Ron Martin is Professor of Geological Sciences at the University of Delaware. He grew up in southwestern Ohio, where world famous assemblages of Late Ordovician fossils drew his attention to paleontology. He received a B.S. degree in Geology and Paleontology from Bowling Green State University (Ohio), M.S. in Geology from the University of Florida, and Ph.D. in Zoology from the University of California at Berkeley. He worked as an operations micropaleontologist and biostratigrapher for Unocal in Houston (Texas) from 1981-1985 before coming to the University of Delaware. He teaches (or has taught) introductory courses in Physical geology and Earth history (upon which Earth’s Evolving Systems is based), Paleontology, Paleoecology, Sedimentology and Stratigraphy, and Advanced (Sequence) Stratigraphy), among others and he has been nominated several times for the university-wide Best Teacher Award. His research interests include the taphonomy (preservation) and biostratigraphy of microfossil assemblages and, most recently, the role of phytoplankton evolution in the diversification of the marine biosphere. He is the author or co-author of over 60 papers; in addition to Earth’s Evolving Systems, he has also authored One Long Experiment: Scale and Process in Earth History (Columbia University Press) and Taphonomy: A Process Approach (Cambridge University Press), and edited Environmental Micropaleontology: The Application of Microfossils to Environmental Geology (Kluwer/Plenum Press). He received the Best Paper Award in 1996 from the journalPalaios for “Secular Increase in Nutrient Levels Through the Phanerozoic: Implications for Productivity, Biomass, and Diversity of the Marine Biosphere”; his work was also featured as the cover article in the June (2013) issue of Scientific American: “Tiny Engines of Evolution”, which was translated into French, German, Spanish, and Japanese sister publications. He is past president of the North American Micropaleontology Section of the Society of Sedimentary Geology, former Editor of the Journal of Foraminiferal Research and Associate Editor of Palaios; and was Visiting Professor at the Université de Lille (France) in 2014.

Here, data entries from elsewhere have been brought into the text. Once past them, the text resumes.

lemma loewner_ge_matrix_inv_shifted_lower:
  fixes Z :: "real^'d^'d"
  assumes Z: "symmetric_mat Z" and a: "0 < a" and l: "0 \<le> l" and M: "pd (a *\<^sub>R Z - l *\<^sub>R mat 1)"
  shows "loewner_ge (matrix_inv (a *\<^sub>R Z - l *\<^sub>R mat 1)) (inverse a *\<^sub>R matrix_inv Z)"
proof -
  have ge: "loewner_ge (a *\<^sub>R Z) (a *\<^sub>R Z - l *\<^sub>R mat 1)"
    unfolding loewner_ge_iff using l
    by (auto intro!: symmetric_mat_diff symmetric_mat_scaleR symmetric_mat_mat Z
        simp: matrix_vector_mult_diff_rdistrib scaleR_mat_vector inner_diff_right)
  have "invertible Z"
    using scalar_invertible[of "inverse a" "a *\<^sub>R Z"] pd_invertible[OF pd_if_loewner_ge[OF M ge]] a
    by simp
  then show ?thesis
    using loewner_ge_matrix_inv[OF M ge] a by (simp add: matrix_inv_scaleR)
qed

lemma loewner_ge_matrix_inv_shifted_upper:
  fixes Z :: "real^'d^'d"
  assumes Z: "pd Z" and az: "1 \<le> a * lambda_min Z" and m: "1 \<le> a * lambda_min Z - l"
  shows "loewner_ge (matrix_inv Z) (inverse (lambda_min Z) *\<^sub>R matrix_inv (a *\<^sub>R Z - l *\<^sub>R mat 1))"
proof -
  define z where "z = lambda_min Z"
  define M where "M = a *\<^sub>R Z - l *\<^sub>R mat 1"
  have Zs: "symmetric_mat Z" using Z unfolding pd_def by simp
  have z: "0 < z" using Z pd_iff_lambda_min_pos unfolding z_def by blast
  have a: "0 < a" using zero_less_mult_pos2[of a z] az z unfolding z_def by simp
  have Mv: "x \<bullet> (M *v x) = a * (x \<bullet> (Z *v x)) - l * (x \<bullet> x)" for x
    unfolding M_def
    by (simp add: matrix_vector_mult_diff_rdistrib scaleR_mat_vector scaleR_matrix_vector_assoc[symmetric]
        inner_diff_right)
  have Ms: "symmetric_mat M"
    unfolding M_def by (intro symmetric_mat_diff symmetric_mat_scaleR symmetric_mat_mat Zs)
  have "pd M"
    unfolding pd_iff_lambda_min_pos using Ms m lambda_min_affine[OF Zs a] unfolding M_def by simp
  have "x \<bullet> (Z *v x) \<le> z * (x \<bullet> (M *v x))" for x
  proof -
    have q: "z * (x \<bullet> x) \<le> x \<bullet> (Z *v x)"
      unfolding z_def by (rule lambda_min_rayleigh(2)[OF Zs])
    have "z * (x \<bullet> (M *v x)) - x \<bullet> (Z *v x) = (a * z - 1) * (x \<bullet> (Z *v x)) - z * l * (x \<bullet> x)"
      by (simp add: Mv algebra_simps)
    also have "\<dots> \<ge> (a * z - 1) * (z * (x \<bullet> x)) - z * l * (x \<bullet> x)"
      using mult_left_mono[OF q, of "a * z - 1"] az unfolding z_def by simp
    also have "(a * z - 1) * (z * (x \<bullet> x)) - z * l * (x \<bullet> x) = z * (x \<bullet> x) * (a * z - l - 1)"
      by (simp add: algebra_simps)
    also have "\<dots> \<ge> 0" using z m unfolding z_def by simp
    finally show ?thesis by simp
  qed
  then have "loewner_ge (z *\<^sub>R M) Z"
    unfolding loewner_ge_iff
    by (simp add: symmetric_mat_diff symmetric_mat_scaleR Ms Zs scaleR_matrix_vector_assoc[symmetric])
  from loewner_ge_matrix_inv[OF Z this] show ?thesis
    using matrix_inv_scaleR[of z M] pd_invertible[OF \<open>pd M\<close>] z
    unfolding z_def M_def by simp
qed

lemma trace_square_symmetric:
  fixes N :: "real^'d^'d"
  assumes "symmetric_mat N"
  shows "trace (N ** N) = (\<Sum>j\<in>UNIV. N$j \<bullet> N$j)"
  using symmetric_mat_nth[OF assms]
  unfolding trace_def matrix_matrix_mult_def inner_vec_def by simp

1) Taphonomy: The formation and preservation of fossil and subfossil (especially microfossil) assemblages in different sedimentary environments (carbonate and terrigenous) over different scales of time ranging from modern to hundreds of millions of years or more, and the temporal resolution they provide in assessing past environmental change.

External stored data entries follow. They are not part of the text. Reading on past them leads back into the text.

lemma dfun_le_pfun:
  assumes "\<bar>\<rho>\<bar> < 1"
  shows "dfun T r nu mu sig eta s0 lam gam \<rho> \<le> pfun T r nu mu sig eta s0 lam gam \<rho>"
proof -
  let ?c = "- theta lam gam \<rho> * s0 * exp (drift r nu mu sig eta \<rho> * T)" and ?s = "eta * sqrt T"
  let ?k = "exp (- r * T) / (gam * (1 - \<rho>\<^sup>2))" and ?x = "(W \<rho> + (W \<rho>)\<^sup>2 / 2) / (eta\<^sup>2 * T)"
  let ?E = "gauss_expect (\<lambda>n. exp (?c * exp (?s * n)))"
  have q: "0 < 1 - \<rho>\<^sup>2"
    using assms by (simp add: abs_square_less_1)
  have "?c < 0"
    unfolding theta_def using q s0_pos lam_pos gam_pos by (simp add: mult_pos_pos)
  have "0 < ?s"
    using eta_pos T_pos by simp
  have s_sq: "?s\<^sup>2 = eta\<^sup>2 * T"
    using T_pos by (simp add: power_mult_distrib)
  have "- ?c * ?s\<^sup>2 = s0 * eta\<^sup>2 * T * exp (drift r nu mu sig eta \<rho> * T) * theta lam gam \<rho>"
    unfolding s_sq by (simp add: ac_simps)
  then have w: "lambertW (- ?c * ?s\<^sup>2) = W \<rho>"
    unfolding wfun_eq[symmetric] wfun_def by (rule arg_cong)
  have "ln ?E \<le> - (W \<rho> + (W \<rho>)\<^sup>2 / 2) / (eta\<^sup>2 * T)"
    using ln_gauss_expect_exp_exp_le[OF \<open>?c < 0\<close> \<open>0 < ?s\<close>] unfolding w unfolding s_sq .
  then have "ln ?E \<le> - ?x"
    by (simp only: minus_divide_left)
  then have "?k * ?x \<le> - ?k * ln ?E"
    using mult_left_mono[of "ln ?E" "- ?x" ?k] q gam_pos by simp
  also have "\<dots> = pfun T r nu mu sig eta s0 lam gam \<rho>"
    unfolding pfun_def by simp
  also have "?k * ?x = dfun T r nu mu sig eta s0 lam gam \<rho>"
    unfolding dfun_eq c_def profile_def by (simp add: field_simps power2_eq_square)
  finally show ?thesis .
qed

2) Environmental Micropaleontology and Geoarchaeology: The use of different microfossil taxa to determine natural and anthropogenic impacts on estuaries and tidal rivers such as sea-level rise, deforestation, and pollution. Recent work has occurred in the Christina tidal river basin and the Black Sea.
3) Subsurface Stratigraphy and Water Resources of Delaware: Dr. Peter McLaughlin of the Delaware Geological Survey and I supervise students who are studying the occurrence of formations in the subsurface of Delaware that serve as important aquifers and aquicludes. We are using foraminiferal assemblages and strontium isotope stratigraphy to better delineate the occurrence of these units and different facies (environments). The occurrence of these units is related to paleoceanographic and paleoclimatic change of Earth's environments.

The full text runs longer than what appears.